(The same again, and with some Siouan feathers, sand-buried on the plain)
Двадцать лет я пытаюсь начать говорить о другом —
не о том,
что растёт, набухая зловещими знаками,
не о том,
что крадётся и шамкает старческим ртом,
не о духах распада, во всяком краю одинаковых,
как повальной болезни
симптом, —
не о гибнущем мире, слезами и потом окисленном, —
и опять повторяюсь.
Порой представляется исподволь
жизнь последних племён,
схоронивших какую-то истину
на великих равнинах, истоптанных солнцем босым.
Что у них?
Пустота
цвета вытертой грязной джинсы
и латуни замасленной.
Заржавелого грома далёкий скрежещущий рёв.
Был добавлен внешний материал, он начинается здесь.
(* Let $x_0\in\mathbb{R}\cup\{+\infty\}$, $T<x_0$, $I:=[T,x_0)$, and let $\phi_1,\phi_2\in AC^1(I)$ satisfy $\phi_2(x)=o(\phi_1(x))$ as $x\to x_0$, $\phi_1(x)\neq0$, $\phi_2(x)\neq0$ and $W(x):=W(\phi_1,\phi_2;x)\neq0$ for all $x\in I$. Let $\phi\in\mathrm{span}(\phi_1,\phi_2)$ be strictly positive on a left-sided neighborhood $J\subset I$ of $x_0$, and consider the factorization $$L[u]=\frac{W(x)}{\phi(x)}\Big[\frac{\phi(x)^2}{W(x)}\Big(\frac{u}{\phi(x)}\Big)'\Big]'\quad\text{on }J.$$ This factorization is canonical of type (I) at $x_0$ (i.e. $\int^{x_0}W(t)\phi(t)^{-2}\,dt$ diverges) if and only if $\phi(x)\sim c\,\phi_2(x)$ as $x\to x_0$ for some constant $c\neq0$; and it is canonical of type (II) at $x_0$ (i.e. $\int^{x_0}W(t)\phi(t)^{-2}\,dt$ converges) if and only if $\phi(x)\sim c\,\phi_1(x)$ as $x\to x_0$ for some constant $c\neq0$. Moreover $\phi(x)\sim c\,\phi_2(x)$ as $x\to x_0$ occurs if and only if $\phi\equiv c\,\phi_2$ on $I$; hence on a fixed left-sided neighborhood of $x_0$ there is, up to constant factors, only one canonical factorization of type (I) at $x_0$.
   Context: $AC^1(I)$: $C^1$ functions on $I$ whose derivative is absolutely continuous on every compact subinterval of $I$. $W(g,h;x):=g(x)h'(x)-g'(x)h(x)$. $L$ is the unique operator $L[u]=u''+a_1(x)u'+a_2(x)u$ with locally integrable coefficients whose kernel is $\mathrm{span}(\phi_1,\phi_2)$. A factorization $L[u]=p_2[p_1(p_0u)']'$ with nowhere-vanishing $p_i$ is called canonical of type (I), resp. type (II), at $x_0$ according as $\int^{x_0}1/p_1$ diverges, resp. converges; in the displayed factorization $p_1=\phi^2/W$. Limits are as $x\to x_0^-$. *)

theory Defs
  imports "HOL-Analysis.Analysis" "HOL-Library.Landau_Symbols"
begin

definition abs_cont_on :: "real set \<Rightarrow> (real \<Rightarrow> real) \<Rightarrow> bool" where
  "abs_cont_on S f \<longleftrightarrow>
     (\<forall>\<epsilon>>0. \<exists>\<delta>>0. \<forall>(n::nat) (a::nat\<Rightarrow>real) (b::nat\<Rightarrow>real).
        (\<forall>i<n. a i \<le> b i \<and> {a i..b i} \<subseteq> S) \<and>
        (\<forall>i<n. \<forall>j<n. i \<noteq> j \<longrightarrow> {a i<..<b i} \<inter> {a j<..<b j} = {}) \<and>
        (\<Sum>i<n. b i - a i) < \<delta>
        \<longrightarrow> (\<Sum>i<n. \<bar>f (b i) - f (a i)\<bar>) < \<epsilon>)"

definition AC1_on :: "real set \<Rightarrow> (real \<Rightarrow> real) \<Rightarrow> (real \<Rightarrow> real) \<Rightarrow> bool" where
  "AC1_on I f f' \<longleftrightarrow>
     (\<forall>x\<in>I. (f has_real_derivative f' x) (at x within I)) \<and>
     continuous_on I f' \<and>
     (\<forall>a b. {a..b} \<subseteq> I \<longrightarrow> abs_cont_on {a..b} f')"

definition wronskian :: "(real \<Rightarrow> real) \<Rightarrow> (real \<Rightarrow> real) \<Rightarrow> (real \<Rightarrow> real) \<Rightarrow> (real \<Rightarrow> real) \<Rightarrow> real \<Rightarrow> real" where
  "wronskian g g' h h' x = g x * h' x - g' x * h x"

definition left_filter :: "ereal \<Rightarrow> real filter" where
  "left_filter x0 = (if x0 = PInfty then at_top else at_left (real_of_ereal x0))"

definition improper_conv :: "(real \<Rightarrow> real) \<Rightarrow> real \<Rightarrow> ereal \<Rightarrow> bool" where
  "improper_conv f S x0 \<longleftrightarrow>
     (\<exists>l. ((\<lambda>x. integral {S..x} f) \<longlongrightarrow> l) (left_filter x0))"

(* canonical factorization type at x0, in terms of the middle coefficient p1 *)
definition canonical_type_I :: "(real \<Rightarrow> real) \<Rightarrow> real \<Rightarrow> ereal \<Rightarrow> bool" where
  "canonical_type_I p1 S x0 \<longleftrightarrow> \<not> improper_conv (\<lambda>t. 1 / p1 t) S x0"

definition canonical_type_II :: "(real \<Rightarrow> real) \<Rightarrow> real \<Rightarrow> ereal \<Rightarrow> bool" where
  "canonical_type_II p1 S x0 \<longleftrightarrow> improper_conv (\<lambda>t. 1 / p1 t) S x0"

end

theory Submission
  imports Defs
begin

text \<open>
  With \<open>\<phi> = a \<phi>\<^sub>1 + b \<phi>\<^sub>2\<close>, the integrand \<open>W/\<phi>\<^sup>2\<close> has the explicit antiderivatives
  \<open>(\<phi>\<^sub>2/\<phi>)/a\<close> (if \<open>a \<noteq> 0\<close>) and \<open>-(\<phi>\<^sub>1/\<phi>)/b\<close> (if \<open>a = 0\<close>), since
  \<open>W(\<phi>, \<phi>\<^sub>2) = a W\<close> and \<open>W(\<phi>, \<phi>\<^sub>1) = -b W\<close>. Because \<open>\<phi>\<^sub>2 = o(\<phi>\<^sub>1)\<close>, the first tends to \<open>0\<close>
  while the second has no finite limit. So the factorization is of type (II) exactly when
  \<open>a \<noteq> 0\<close>, i.e. when \<open>\<phi> \<sim> a \<phi>\<^sub>1\<close>, and of type (I) exactly when \<open>\<phi> = b \<phi>\<^sub>2\<close>; the same
  little-o relation shows that \<open>\<phi>\<close> can be asymptotic to a multiple of \<open>\<phi>\<^sub>2\<close> only in the
  latter case.
\<close>

lemma smallo_not_asymp_equiv:
  fixes f g :: "'a \<Rightarrow> real"
  assumes "F \<noteq> bot" and f: "eventually (\<lambda>x. f x \<noteq> 0) F"
    and "g \<in> o[F](f)" and "c \<noteq> 0"
  shows "\<not> g \<sim>[F] (\<lambda>x. c * f x)"
proof
  assume equiv: "g \<sim>[F] (\<lambda>x. c * f x)"
  then have "f \<in> O[F](g)"
    using \<open>c \<noteq> 0\<close> asymp_equiv_imp_bigo[of "\<lambda>x. c * f x" F g] by (simp add: asymp_equiv_sym)
  with \<open>g \<in> o[F](f)\<close> have "eventually (\<lambda>x. g x = 0) F"
    by (rule landau_o.small_big_asymmetric)
  with asymp_equiv_eventually_zeros[OF equiv] f have "eventually (\<lambda>x. False) F"
    by eventually_elim (use \<open>c \<noteq> 0\<close> in simp)
  with \<open>F \<noteq> bot\<close> show False
    by simp
qed

lemma asymp_equiv_cmult_iff:
  fixes f :: "'a \<Rightarrow> real"
  assumes "F \<noteq> bot" and f: "eventually (\<lambda>x. f x \<noteq> 0) F" and "c \<noteq> 0"
  shows "(\<lambda>x. b * f x) \<sim>[F] (\<lambda>x. c * f x) \<longleftrightarrow> b = c"
proof
  assume "(\<lambda>x. b * f x) \<sim>[F] (\<lambda>x. c * f x)"
  then have "(\<lambda>x. (b - c) * f x) \<in> o[F](f)"
    using asymp_equiv_imp_diff_smallo \<open>c \<noteq> 0\<close> by (fastforce simp: algebra_simps)
  moreover have "f \<notin> o[F](f)"
  proof
    assume "f \<in> o[F](f)"
    with f have "eventually (\<lambda>x. False) F"
      unfolding landau_o.small_refl_iff by eventually_elim simp
    with \<open>F \<noteq> bot\<close> show False
      by simp
  qed
  ultimately show "b = c"
    by simp
qed simp

lemma smallo_lincomb_asymp_equiv:
  fixes f g :: "'a \<Rightarrow> real"
  assumes "g \<in> o[F](f)" and "a \<noteq> 0"
  shows "(\<lambda>x. a * f x + b * g x) \<sim>[F] (\<lambda>x. a * f x)"
  using assms by (subst asymp_equiv_add_right) auto

lemma smallo_lincomb_asymp_equiv_first_iff:
  fixes f g :: "'a \<Rightarrow> real"
  assumes "F \<noteq> bot" and f: "eventually (\<lambda>x. f x \<noteq> 0) F"
    and small: "g \<in> o[F](f)" and "c \<noteq> 0"
  shows "(\<lambda>x. a * f x + b * g x) \<sim>[F] (\<lambda>x. c * f x) \<longleftrightarrow> a = c"
proof
  assume equiv: "(\<lambda>x. a * f x + b * g x) \<sim>[F] (\<lambda>x. c * f x)"
  show "a = c"
  proof (cases "a = 0")
    case True
    with equiv smallo_not_asymp_equiv[OF \<open>F \<noteq> bot\<close> f _ \<open>c \<noteq> 0\<close>, of "\<lambda>x. b * g x"] small
    show ?thesis by simp
  next
    case False
    have "(\<lambda>x. a * f x) \<sim>[F] (\<lambda>x. a * f x + b * g x)"
      using smallo_lincomb_asymp_equiv[OF small False] by (simp add: asymp_equiv_sym)
    also note equiv
    finally have "(\<lambda>x. a * f x) \<sim>[F] (\<lambda>x. c * f x)" .
    with asymp_equiv_cmult_iff[OF \<open>F \<noteq> bot\<close> f \<open>c \<noteq> 0\<close>] show ?thesis by simp
  qed
qed (use assms smallo_lincomb_asymp_equiv in auto)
На столешницах скал деревянные тени орлов
и трещотки напрасные.
Марсианская почва.
Обчищенный зноем скелет
прародителя-зверя.
Беззвучные речи песчаника
обо всём,
чем кончаются
тёмные судьбы планет.
Чем питаются бездны.
— А может быть, всё-таки нет;
через сотню веков
я очнусь на заросших лишайником
ледниковых камнях,
оползающих к быстрой реке,
и надрывно вздохну, выплывая из ночи беспамятной,
и глаза разомкну, и на первом своём языке
поприветствую предков,
в личинах оленей и мамонтов
выходящих из леса,
и время потянется заново,
как бывало уже, как ещё никогда не быва…
— Но о чём тут мечтать?
Ничего не меняют слова,
даже если сбываются.
Это кровь наша воет,
свои запоздалые таинства
торопясь приоткрыть,
это тонкую нашу кору
хлещет ливень сухой,
и лепечет камыш человеческий,
сам не зная, зачем —
— потому что так было завещано:
свиристеть на ветру.
Двадцать крохотных лет я смотрю на ожоги и трещины;
двадцать лет я учусь то одной, то другой стороной
поворачивать к свету ошмётки земли изувеченной,
или плакать над ними и в ранах скопившийся гной
осторожно сцеловывать, — будто от этой смешной
бесполезной заботы
им станет полегче на капельку.
Где-то слышатся взрывы, и бьётся, как смертница в камере,
обречённая эра
под плёнкой своей нефтяной.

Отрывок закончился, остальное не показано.